Wifi basics

How Wireless Works#

As Radio Frequency (RF)
Travels in a portion of electromagnetic spectrum (RF is part of electromagnetic spectrum)
What is electromagnetic spectrum?
- The range of all possible electromagnetic radiation
- Waves that can move through matter or space

Electromagnetic Spectrum (in decreasing wavelength top to down)
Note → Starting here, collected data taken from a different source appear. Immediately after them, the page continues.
(* For every $G\in C^2(\mathbb{R})$ there is a separately convex function $F:\mathbb{R}^2\to\mathbb{R}$ such that $F(t,t)=G(t)$ for each $t\in\mathbb{R}$.
   Context: A function $F:\mathbb{R}^2\to\mathbb{R}$ is called separately convex if it is convex on every line parallel to a coordinate axis. *)

theory Defs
  imports "HOL-Analysis.Analysis"
begin

definition C2 :: "(real \<Rightarrow> real) \<Rightarrow> bool" where
  "C2 G \<longleftrightarrow> (\<exists>G' G''. (\<forall>t. (G has_real_derivative G' t) (at t)) \<and>
                      (\<forall>t. (G' has_real_derivative G'' t) (at t)) \<and>
                      continuous_on UNIV G'')"

definition separately_convex :: "(real \<times> real \<Rightarrow> real) \<Rightarrow> bool" where
  "separately_convex F \<longleftrightarrow>
     (\<forall>y. convex_on UNIV (\<lambda>x. F (x, y))) \<and> (\<forall>x. convex_on UNIV (\<lambda>y. F (x, y)))"

end

theory Submission
  imports Defs
begin

text \<open>
  Let \<open>H = tangent_glue g g'\<close>, i.e. for \<open>x \<le> y\<close> the value of \<open>g\<close> at \<open>x\<close>
  plus its tangent at \<open>x\<close> evaluated at \<open>y\<close>. If \<open>g''\<close> is nondecreasing, \<open>H\<close> is convex in each
  variable, and so is \<open>H(-x, -y)\<close>; both equal \<open>2 g t\<close> on the diagonal. Choose \<open>g'' = p\<close>
  continuous and nondecreasing with \<open>p t + p (-t) \<le> -\<bar>G'' t\<bar>\<close>, e.g.
  \<open>p t = - max {\<bar>G'' u\<bar> | \<bar>u\<bar> \<le> \<bar>min t 0\<bar>}\<close>. Then \<open>s t = G t / 2 - g t - g (-t)\<close> has \<open>s'' \<ge> 0\<close>, and
  \<open>F(x, y) = s x + s y + H(x, y) + H(-x, -y)\<close> is separately convex with \<open>F(t, t) = G t\<close>.
\<close>

lemma real_antiderivative_exists:
  fixes f :: "real \<Rightarrow> real"
  assumes "continuous_on UNIV f"
  obtains F where "\<And>x. (F has_real_derivative f x) (at x)"
proof -
  from einterval_antiderivative[of "-\<infinity>" "\<infinity>" f] assms
  obtain F where "\<forall>x. (F has_vector_derivative f x) (at x)"
    by (auto simp: continuous_on_eq_continuous_at)
  with that show ?thesis by (auto simp: has_real_derivative_iff_has_vector_derivative)
qed

lemma increment_ge_of_deriv_ge:
  fixes f f' :: "real \<Rightarrow> real"
  assumes "a \<le> b"
    and "\<And>t. a \<le> t \<Longrightarrow> t \<le> b \<Longrightarrow> (f has_real_derivative f' t) (at t)"
    and "\<And>t. a \<le> t \<Longrightarrow> t \<le> b \<Longrightarrow> m \<le> f' t"
  shows "m * (b - a) \<le> f b - f a"
proof (cases "a = b")
  case False
  with assms obtain z where "a < z" "z < b" "f b - f a = (b - a) * f' z"
    using MVT2[of a b f f'] by auto
  with assms show ?thesis by (simp add: mult.commute mult_right_mono)
qed simp

lemma convex_on_second_deriv_nonneg:
  fixes f f' f'' :: "real \<Rightarrow> real"
  assumes "\<And>x. (f has_real_derivative f' x) (at x)"
    and "\<And>x. (f' has_real_derivative f'' x) (at x)"
    and "\<And>x. f'' x \<ge> 0"
  shows "convex_on UNIV f"
  by (rule convex_on_realI[OF connected_UNIV assms(1)])
     (use assms(2,3) in \<open>blast intro: DERIV_nonneg_imp_nondecreasing\<close>)

lemma convex_on_reflect:
  fixes f :: "real \<Rightarrow> real"
  assumes "convex_on UNIV f"
  shows "convex_on UNIV (\<lambda>x. f (- x))"
proof (rule convex_onI)
  fix t x y :: real assume "0 < t" "t < 1"
  then have "f ((1 - t) * - x + t * - y) \<le> (1 - t) * f (- x) + t * f (- y)"
    using convex_onD[OF assms, of t "-x" "-y"] by simp
  then show "f (- ((1 - t) *\<^sub>R x + t *\<^sub>R y)) \<le> (1 - t) * f (- x) + t * f (- y)"
    by (simp add: algebra_simps)
qed simp

definition sym_running_max :: "(real \<Rightarrow> real) \<Rightarrow> real \<Rightarrow> real" where
  "sym_running_max k r = Sup (k ` {-\<bar>r\<bar>..\<bar>r\<bar>})"

lemma sym_running_max_upper:
  assumes "continuous_on UNIV k" "\<bar>s\<bar> \<le> \<bar>r\<bar>"
  shows "k s \<le> sym_running_max k r"
  unfolding sym_running_max_def
proof (rule cSup_upper)
  show "k s \<in> k ` {-\<bar>r\<bar>..\<bar>r\<bar>}"
    using assms(2) by (auto simp: abs_le_iff)
  have "compact (k ` {-\<bar>r\<bar>..\<bar>r\<bar>})"
    by (rule compact_continuous_image) (auto intro: continuous_on_subset[OF assms(1)])
  then show "bdd_above (k ` {-\<bar>r\<bar>..\<bar>r\<bar>})"
    by (intro bounded_imp_bdd_above compact_imp_bounded)
qed

lemma sym_running_max_least:
  assumes "\<And>s. \<bar>s\<bar> \<le> \<bar>r\<bar> \<Longrightarrow> k s \<le> B"
  shows "sym_running_max k r \<le> B"
  unfolding sym_running_max_def by (rule cSup_least) (use assms in auto)

lemma sym_running_max_mono:
  assumes "continuous_on UNIV k" "\<bar>r\<bar> \<le> \<bar>r'\<bar>"
  shows "sym_running_max k r \<le> sym_running_max k r'"
  by (rule sym_running_max_least) (use assms in \<open>auto intro!: sym_running_max_upper\<close>)

text \<open>Clipping a point of one interval into the other moves it by at most \<open>\<bar>\<bar>r\<bar> - \<bar>r'\<bar>\<bar>\<close>.\<close>
lemma sym_running_max_le_shift:
  assumes cont: "continuous_on UNIV k"
    and modulus: "\<And>s s'. \<bar>s\<bar> \<le> R \<Longrightarrow> \<bar>s'\<bar> \<le> R \<Longrightarrow> \<bar>s - s'\<bar> < \<delta> \<Longrightarrow> k s < k s' + \<epsilon>"
    and "\<bar>r\<bar> \<le> R" "\<bar>r'\<bar> \<le> R" "\<bar>\<bar>r\<bar> - \<bar>r'\<bar>\<bar> < \<delta>"
  shows "sym_running_max k r \<le> sym_running_max k r' + \<epsilon>"
proof (rule sym_running_max_least)
  fix s assume s: "\<bar>s\<bar> \<le> \<bar>r\<bar>"
  define s' where "s' = max (-\<bar>r'\<bar>) (min \<bar>r'\<bar> s)"
  have "\<bar>s'\<bar> \<le> \<bar>r'\<bar>" "\<bar>s - s'\<bar> < \<delta>"
    using s assms(5) by (auto simp: s'_def abs_le_iff abs_less_iff max_def min_def)
  then have "k s < k s' + \<epsilon>"
    using s assms(3,4) by (intro modulus) auto
  also have "k s' \<le> sym_running_max k r'"
    by (rule sym_running_max_upper[OF cont \<open>\<bar>s'\<bar> \<le> \<bar>r'\<bar>\<close>])
  finally show "k s \<le> sym_running_max k r' + \<epsilon>" by simp
qed

lemma continuous_on_sym_running_max:
  assumes cont: "continuous_on UNIV k"
  shows "continuous_on UNIV (sym_running_max k)"
  unfolding continuous_on_eq_continuous_at[OF open_UNIV] continuous_at_eps_delta
proof (intro ballI allI impI)
  fix r0 \<epsilon> :: real assume "\<epsilon> > 0"
  define R where "R = \<bar>r0\<bar> + 1"
  have "uniformly_continuous_on {-R..R} k"
    by (rule compact_uniformly_continuous) (auto intro: continuous_on_subset[OF cont])
  then obtain \<delta> where "\<delta> > 0"
    and \<delta>: "\<And>s s'. s \<in> {-R..R} \<Longrightarrow> s' \<in> {-R..R} \<Longrightarrow> dist s' s < \<delta> \<Longrightarrow> dist (k s') (k s) < \<epsilon>/2"
    using \<open>\<epsilon> > 0\<close> unfolding uniformly_continuous_on_def by (meson half_gt_zero)
  have modulus: "k s < k s' + \<epsilon>/2"
    if "\<bar>s\<bar> \<le> R" "\<bar>s'\<bar> \<le> R" "\<bar>s - s'\<bar> < \<delta>" for s s'
    using \<delta>[of s' s] that unfolding dist_real_def abs_le_iff abs_less_iff by auto
  show "\<exists>d>0. \<forall>r. dist r r0 < d \<longrightarrow> dist (sym_running_max k r) (sym_running_max k r0) < \<epsilon>"
  proof (intro exI[of _ "min 1 \<delta>"] conjI allI impI)
    fix r assume "dist r r0 < min 1 \<delta>"
    then have "\<bar>r\<bar> \<le> R" "\<bar>r0\<bar> \<le> R" "\<bar>\<bar>r\<bar> - \<bar>r0\<bar>\<bar> < \<delta>" "\<bar>\<bar>r0\<bar> - \<bar>r\<bar>\<bar> < \<delta>"
      by (auto simp: R_def dist_real_def)
    then have "sym_running_max k r \<le> sym_running_max k r0 + \<epsilon>/2"
      and "sym_running_max k r0 \<le> sym_running_max k r + \<epsilon>/2"
      by (auto intro!: sym_running_max_le_shift[OF cont modulus])
    then show "dist (sym_running_max k r) (sym_running_max k r0) < \<epsilon>"
      using \<open>\<epsilon> > 0\<close> by (simp add: dist_real_def)
  qed (use \<open>\<delta> > 0\<close> in simp)
qed

definition tangent_glue :: "(real \<Rightarrow> real) \<Rightarrow> (real \<Rightarrow> real) \<Rightarrow> real \<Rightarrow> real \<Rightarrow> real" where
  "tangent_glue g c x y = 2 * g (min x y) + c (min x y) * \<bar>x - y\<bar>"

lemma tangent_glue_commute: "tangent_glue g c x y = tangent_glue g c y x"
  by (simp add: tangent_glue_def min.commute abs_minus_commute)

lemma tangent_glue_diag [simp]: "tangent_glue g c t t = 2 * g t"
  by (simp add: tangent_glue_def)

lemma convex_on_tangent_glue:
  fixes g c p :: "real \<Rightarrow> real"
  assumes dg: "\<And>t. (g has_real_derivative c t) (at t)"
    and dc: "\<And>t. (c has_real_derivative p t) (at t)"
    and "mono p"
  shows "convex_on UNIV (\<lambda>x. tangent_glue g c x y)"
proof -
  define g\<^sub>L where "g\<^sub>L x = 2 * g x + c x * (y - x)" for x
  define g\<^sub>R where "g\<^sub>R x = 2 * g y + c y * (x - y)" for x
  define d\<^sub>L where "d\<^sub>L x = c x + p x * (y - x)" for x
  have glue: "tangent_glue g c x y = (if x \<in> {..y} then g\<^sub>L x else g\<^sub>R x)" for x
    by (simp add: tangent_glue_def g\<^sub>L_def g\<^sub>R_def min_def abs_if)
  have tangent_below: "p a * (b - a) \<le> c b - c a" if "a \<le> b" for a b
    using that dc monoD[OF \<open>mono p\<close>] by (intro increment_ge_of_deriv_ge) auto
  show ?thesis
    unfolding glue
  proof (rule convex_on_realI[where f' = "\<lambda>x. if x \<in> {..y} then d\<^sub>L x else c y"])
    fix x :: real
    have "((\<lambda>x. if x \<in> {..y} then g\<^sub>L x else g\<^sub>R x) has_vector_derivative
           (if x \<in> {..y} then d\<^sub>L x else c y)) (at x within UNIV)"
    proof (rule has_vector_derivative_If_within_closures[where T = "{y<..}"])
      have "(g\<^sub>L has_real_derivative d\<^sub>L x) (at x)"
        unfolding g\<^sub>L_def d\<^sub>L_def
        by (rule derivative_eq_intros dg dc refl | simp add: algebra_simps)+
      then show "(g\<^sub>L has_vector_derivative d\<^sub>L x) (at x within {..y} \<union> (closure {..y} \<inter> closure {y<..}))"
        by (auto simp: has_real_derivative_iff_has_vector_derivative intro: has_vector_derivative_at_within)
      have "(g\<^sub>R has_real_derivative c y) (at x)"
        unfolding g\<^sub>R_def by (rule derivative_eq_intros refl | simp)+
      then show "(g\<^sub>R has_vector_derivative c y) (at x within {y<..} \<union> (closure {..y} \<inter> closure {y<..}))"
        by (auto simp: has_real_derivative_iff_has_vector_derivative intro: has_vector_derivative_at_within)
    qed (auto simp: g\<^sub>L_def g\<^sub>R_def d\<^sub>L_def)
    then show "((\<lambda>x. if x \<in> {..y} then g\<^sub>L x else g\<^sub>R x) has_real_derivative
           (if x \<in> {..y} then d\<^sub>L x else c y)) (at x)"
      by (simp add: has_real_derivative_iff_has_vector_derivative)
  next
    fix x x' :: real assume "x \<le> x'"
    have "d\<^sub>L x \<le> d\<^sub>L x'" if "x' \<le> y"
    proof -
      have "0 \<le> (p x' - p x) * (y - x')"
        using monoD[OF \<open>mono p\<close> \<open>x \<le> x'\<close>] that by simp
      then show ?thesis
        using tangent_below[OF \<open>x \<le> x'\<close>] by (simp add: d\<^sub>L_def algebra_simps)
    qed
    moreover have "d\<^sub>L x \<le> c y" if "x \<le> y"
      using tangent_below[OF that] by (simp add: d\<^sub>L_def)
    ultimately show "(if x \<in> {..y} then d\<^sub>L x else c y) \<le> (if x' \<in> {..y} then d\<^sub>L x' else c y)"
      using \<open>x \<le> x'\<close> by auto
  qed simp
qed

lemma reflected_running_max_profile:
  fixes k :: "real \<Rightarrow> real"
  assumes cont: "continuous_on UNIV k"
  obtains p where "continuous_on UNIV p" "mono p" "\<And>t. p t + p (- t) \<le> - \<bar>k t\<bar>"
proof
  define m where "m = sym_running_max (\<lambda>t. \<bar>k t\<bar>)"
  have cont_abs: "continuous_on UNIV (\<lambda>t. \<bar>k t\<bar>)"
    by (intro continuous_intros cont)
  show "continuous_on UNIV (\<lambda>t. - m (min t 0))"
    unfolding m_def
    by (intro continuous_intros continuous_on_compose2[OF continuous_on_sym_running_max[OF cont_abs]]) auto
  show "mono (\<lambda>t. - m (min t 0))"
    by (auto intro!: monoI sym_running_max_mono[OF cont_abs] simp: m_def)
  fix t
  have "0 \<le> m r" for r
    using sym_running_max_upper[OF cont_abs, of 0 r] abs_ge_zero[of "k 0"] unfolding m_def by linarith
  moreover have "\<bar>k t\<bar> \<le> m (min t 0) \<or> \<bar>k t\<bar> \<le> m (min (- t) 0)"
    by (cases "t \<le> 0") (auto intro!: sym_running_max_upper[OF cont_abs] simp: m_def)
  ultimately show "- m (min t 0) + - m (min (- t) 0) \<le> - \<bar>k t\<bar>"
    by (smt (verit))
qed

lemma separately_convex_symmetricI:
  assumes "\<And>x y. F (x, y) = F (y, x)" and "\<And>y. convex_on UNIV (\<lambda>x. F (x, y))"
  shows "separately_convex F"
  using assms unfolding separately_convex_def by presburger

lemma separately_convex_tangent_glue_sum:
  fixes g c p s :: "real \<Rightarrow> real"
  assumes dg: "\<And>t. (g has_real_derivative c t) (at t)"
    and dc: "\<And>t. (c has_real_derivative p t) (at t)"
    and "mono p" and "convex_on UNIV s"
  shows "separately_convex (\<lambda>(x, y). s x + s y + tangent_glue g c x y + tangent_glue g c (- x) (- y))"
proof (rule separately_convex_symmetricI)
  have glue: "convex_on UNIV (\<lambda>x. tangent_glue g c x y)" for y
    by (rule convex_on_tangent_glue[OF dg dc \<open>mono p\<close>])
  show "convex_on UNIV (\<lambda>x. case (x, y) of (x, y) \<Rightarrow>
          s x + s y + tangent_glue g c x y + tangent_glue g c (- x) (- y))" for y
    by (simp, intro convex_on_add \<open>convex_on UNIV s\<close> convex_on_const[THEN iffD2] convex_UNIV
        glue convex_on_reflect[OF glue])
qed (simp add: tangent_glue_commute)

theorem lemma5p5:
  fixes G :: "real \<Rightarrow> real"
  assumes "C2 G"
  shows "\<exists>F :: real \<times> real \<Rightarrow> real. separately_convex F \<and> (\<forall>t. F (t, t) = G t)"
proof -
  obtain G' G'' where dG: "\<And>t. (G has_real_derivative G' t) (at t)"
    and dG': "\<And>t. (G' has_real_derivative G'' t) (at t)" and "continuous_on UNIV G''"
    using assms unfolding C2_def by blast
  then obtain p where "continuous_on UNIV p" "mono p" and p: "\<And>t. p t + p (- t) \<le> - \<bar>G'' t\<bar>"
    using reflected_running_max_profile by blast
  then obtain c where dc: "\<And>t. (c has_real_derivative p t) (at t)"
    using real_antiderivative_exists by blast
  then obtain g where dg: "\<And>t. (g has_real_derivative c t) (at t)"
    using real_antiderivative_exists[of c] by (meson DERIV_continuous_on)
  define s where "s t = G t / 2 - g t - g (- t)" for t
  have "convex_on UNIV s"
  proof (rule convex_on_second_deriv_nonneg)
    have "((\<lambda>t. g (- t)) has_real_derivative - c (- t)) (at t)" for t
      using DERIV_mirror[where f = g and x = t] dg by blast
    then show "(s has_real_derivative G' t / 2 - c t + c (- t)) (at t)" for t
      unfolding s_def by (auto intro!: derivative_eq_intros dG dg)
    have "((\<lambda>t. c (- t)) has_real_derivative - p (- t)) (at t)" for t
      using DERIV_mirror[where f = c and x = t] dc by blast
    then show "((\<lambda>t. G' t / 2 - c t + c (- t)) has_real_derivative G'' t / 2 - p t - p (- t)) (at t)" for t
      by (auto intro!: derivative_eq_intros dG' dc)
    show "0 \<le> G'' t / 2 - p t - p (- t)" for t
      using p[of t] by linarith
  qed
  then have "separately_convex (\<lambda>(x, y). s x + s y + tangent_glue g c x y + tangent_glue g c (- x) (- y))"
    by (rule separately_convex_tangent_glue_sum[OF dg dc \<open>mono p\<close>])
  then show ?thesis
    by (intro exI[of _ "\<lambda>(x, y). s x + s y + tangent_glue g c x y + tangent_glue g c (- x) (- y)"])
       (simp add: s_def)
qed

end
                    - - Broadcast band (10^3 meters or 1 kilometer) 
                    | -
                    | - Radio (10^0 m or 1 meter)
Radio Spectrum    --| -
                    | - Radar (10^-3 m or 1 millimeter) 
                    | -
                    - - Microwaves 
                    | -
                    | - Infrared (IR) (10^-6 m or 1 micrometer )
                    | - <--- Visible lights to human (700 nanometers to 400 nanometers)
                    | -
Optical Spectrum  --| - Ultraviolet (UV)
 (can be seen       | -
 using some tool)   | - X-rays (10^-9 m or 1 nanometer)
                    | -
                    | - Gamma rays
                    | -
                    - - Cosmic rays (10^-12 m or 1 picometer)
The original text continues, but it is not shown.